Kamal Karanth, co-founder of Xpheno, believes the workforce demand will grow even more as the industry is expected to nearly double its capacity in the next two years. The current installed capacity of data centers across Mumbai, Chennai, Pune, Hyderabad, Delhi NCR, Bengaluru and Kolkata is over 10.5 million square feet and around 500 MW.
This capacity, according to Karanth, is expected to increase by another six million square feet and to 990 MW in the next two years. He noted that while the overall workforce may not grow at the same rate, a prominent spike is still on the cards.
The grant of infrastructure status to the data centre industry in the Union budget proposals made on February 1 is only expected to boost this demand.
Sanchit Vir Gogia, chief analyst and founder of Greyhound Research, corroborated that the momentum for data centers is expected to grow significantly by 2025. He added that the government has to “ensure the confluence of factors” like providing adequate power supply and passing of the Data Protection Bill in order for data centers to grow.
The existing supply of talent for IT services companies will play a role in hiring in the data center sector. “India also has a pool of chief information officers (CIOs) and tech teams at the user end that have, for the longest time, been trained on data centre architecture,” Gogia explained.
Data centre investments in India are expected to reach $4.6 billion per annum by 2025, according to report by Nasscom from last year. The report added that Mumbai, Chennai, Bengaluru, Hyderabad, and Delhi NCR are amongst the major data centre locations in the country, on the back of good fiber connectivity, proximity to customers, availability of skilled workforce, and submarine cable connectivity.
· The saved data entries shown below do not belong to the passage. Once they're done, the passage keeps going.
(* Let $\varphi \in H^\infty$ with $\|\varphi\|_\infty \le 1$. (1) If $f \in H^2$ is $T_\varphi$-inner and $I$ is any inner function, then $If$ is $T_\varphi$-inner. (2) If $f \in H^2$ is $T_\varphi$-inner and $\Theta$ is any inner divisor of $f$ (i.e. $\Theta$ is inner and $f/\Theta \in H^2$), then $f/\Theta$ is $T_\varphi$-inner. (3) Every unit vector belonging to $\ker T_{\overline{\varphi}}$ is $T_\varphi$-inner.
   Context: $H^2$ is the Hardy space on the unit disk $\mathbb{D}$ with inner product $\langle f,g\rangle=\int_{\mathbb{T}} f\overline{g}\,dm$ ($m$ normalized Lebesgue measure on the unit circle $\mathbb{T}$; functions identified with their radial boundary values). An inner function is an $H^\infty$ function with unimodular boundary values a.e. For $\varphi\in H^\infty$, $T_\varphi f=\varphi f$ on $H^2$, and $T_{\overline{\varphi}} f = P(\overline{\varphi} f)$ where $P$ is the orthogonal (Riesz) projection of $L^2(\mathbb{T},m)$ onto $H^2$. A unit vector $f\in H^2$ is called $T_\varphi$-inner if $\langle T_\varphi^n f, f\rangle = 0$ for all $n\ge 1$. *)

theory Defs
  imports "HOL-Analysis.Analysis"
begin

text \<open>Functions on the unit circle are parametrised by t in [0, 2 pi], i.e. f t stands
  for the boundary value at exp(i t). Normalised Lebesgue measure m is (1/(2 pi)) dt.\<close>

abbreviation circ :: "real measure" where
  "circ \<equiv> lebesgue_on {0..2*pi}"

definition cint :: "(real \<Rightarrow> complex) \<Rightarrow> complex" where
  "cint g = integral\<^sup>L circ g / complex_of_real (2*pi)"

definition L2 :: "(real \<Rightarrow> complex) \<Rightarrow> bool" where
  "L2 f \<longleftrightarrow> f \<in> borel_measurable circ \<and> integrable circ (\<lambda>t. (cmod (f t))^2)"

definition fcoeff :: "(real \<Rightarrow> complex) \<Rightarrow> int \<Rightarrow> complex" where
  "fcoeff f n = cint (\<lambda>t. f t * exp (- \<i> * of_int n * of_real t))"

definition H2 :: "(real \<Rightarrow> complex) \<Rightarrow> bool" where
  "H2 f \<longleftrightarrow> L2 f \<and> (\<forall>n::int. n < 0 \<longrightarrow> fcoeff f n = 0)"

definition Hinf :: "(real \<Rightarrow> complex) \<Rightarrow> bool" where
  "Hinf f \<longleftrightarrow> H2 f \<and> (\<exists>C. AE t in circ. cmod (f t) \<le> C)"

definition inner_fun :: "(real \<Rightarrow> complex) \<Rightarrow> bool" where
  "inner_fun I \<longleftrightarrow> Hinf I \<and> (AE t in circ. cmod (I t) = 1)"

definition hip :: "(real \<Rightarrow> complex) \<Rightarrow> (real \<Rightarrow> complex) \<Rightarrow> complex" where
  "hip f g = cint (\<lambda>t. f t * cnj (g t))"

definition is_riesz_proj :: "(real \<Rightarrow> complex) \<Rightarrow> (real \<Rightarrow> complex) \<Rightarrow> bool" where
  "is_riesz_proj g h \<longleftrightarrow> H2 h \<and> (\<forall>k. H2 k \<longrightarrow> hip (\<lambda>t. g t - h t) k = 0)"

text \<open>T_phi-inner: unit vector f in H^2 with <T_phi^n f, f> = 0 for n >= 1.\<close>
definition T_inner :: "(real \<Rightarrow> complex) \<Rightarrow> (real \<Rightarrow> complex) \<Rightarrow> bool" where
  "T_inner \<phi> f \<longleftrightarrow> H2 f \<and> hip f f = 1 \<and>
     (\<forall>n::nat. n \<ge> 1 \<longrightarrow> hip (\<lambda>t. (\<phi> t)^n * f t) f = 0)"

end

theory Submission
  imports Defs
begin

(* Multiplying f by a function u with |u| = 1 a.e. leaves every integrand phi^n f conj f
   unchanged, which gives (1) and (2) as soon as I f and f / Theta lie in H^2.  For (3),
   <phi^n f, f> is the conjugate of <conj phi f, phi^(n-1) f>, which vanishes because
   conj phi f is orthogonal to H^2 and phi^(n-1) f lies in H^2.

   The analytic input is that H^infinity H^2 is contained in H^2.  Trigonometric
   polynomials are dense in L^2: indicators are approximated through Urysohn functions on
   the circle and Stone-Weierstrass, then simple functions, then dominated convergence.
   Dropping the negative frequencies of an approximant of f in H^2 only improves it
   (Pythagoras, since f is orthogonal to exp(-ikt)), and g times an analytic trigonometric
   polynomial has no negative frequencies; the remaining error is bounded by
   ||g||_infinity ||f - q||_1 <= ||g||_infinity ||f - q||_2. *)

section \<open>Exponentials and integration over the circle\<close>

definition fexp :: "int \<Rightarrow> real \<Rightarrow> complex" where
  "fexp k t = exp (\<i> * of_int k * of_real t)"

lemma fexp_add: "fexp j t * fexp k t = fexp (j + k) t"
  by (simp add: fexp_def exp_add[symmetric] algebra_simps)

lemma cnj_fexp: "cnj (fexp k t) = fexp (- k) t"
  by (simp add: fexp_def exp_cnj)

lemma fexp_eq_cis: "fexp k t = cis (of_int k * t)"
  by (simp add: fexp_def cis_conv_exp mult.commute mult.left_commute)

lemma norm_fexp [simp]: "cmod (fexp k t) = 1"
  by (simp add: fexp_eq_cis)

lemma fexp_zero [simp]: "fexp 0 t = 1"
  by (simp add: fexp_def)

lemma continuous_on_fexp [continuous_intros]: "continuous_on A (fexp k)"
  unfolding fexp_def by (intro continuous_intros)

lemma finite_measure_circ: "finite_measure circ"
  by (rule finite_measure_lebesgue_on) simp

lemma measure_circ_space: "measure circ {0..2*pi} = 2*pi"
  by (simp add: measure_restrict_space)

lemma continuous_imp_measurable_circ:
  "continuous_on {0..2*pi} f \<Longrightarrow> f \<in> borel_measurable circ"
  by (rule continuous_imp_measurable_on_sets_lebesgue) auto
The report also noted that availability of skilled workforce is one of the major site selection criteria for data center development and operations. “Engineering skill shortage is a major challenge in developed data center markets such as North America and Western Europe, where it is a benefit for India to position itself as a major data centre hub,” the report said.
That said, the demand is only set to rapidly increase. “India needs 7-10 times more data center capacity than what is available today to match the size and scale of mature global markets, despite a reasonable capacity addition in the last five years,” said Sunil Gupta, chief executive officer of Yotta Infrastructure. Yotta expects to add over 1000 employees to run its data centre facilities and provide customer facing services. In addition, the company plans to add 2500 indirect resources for construction of data centers over the next two years.
According to Gupta, the company expects to invest over Rs. 15,000 crore over the next 5-7 years in creating massive business critical data centers, providing cloud networking and other information technology infrastructure.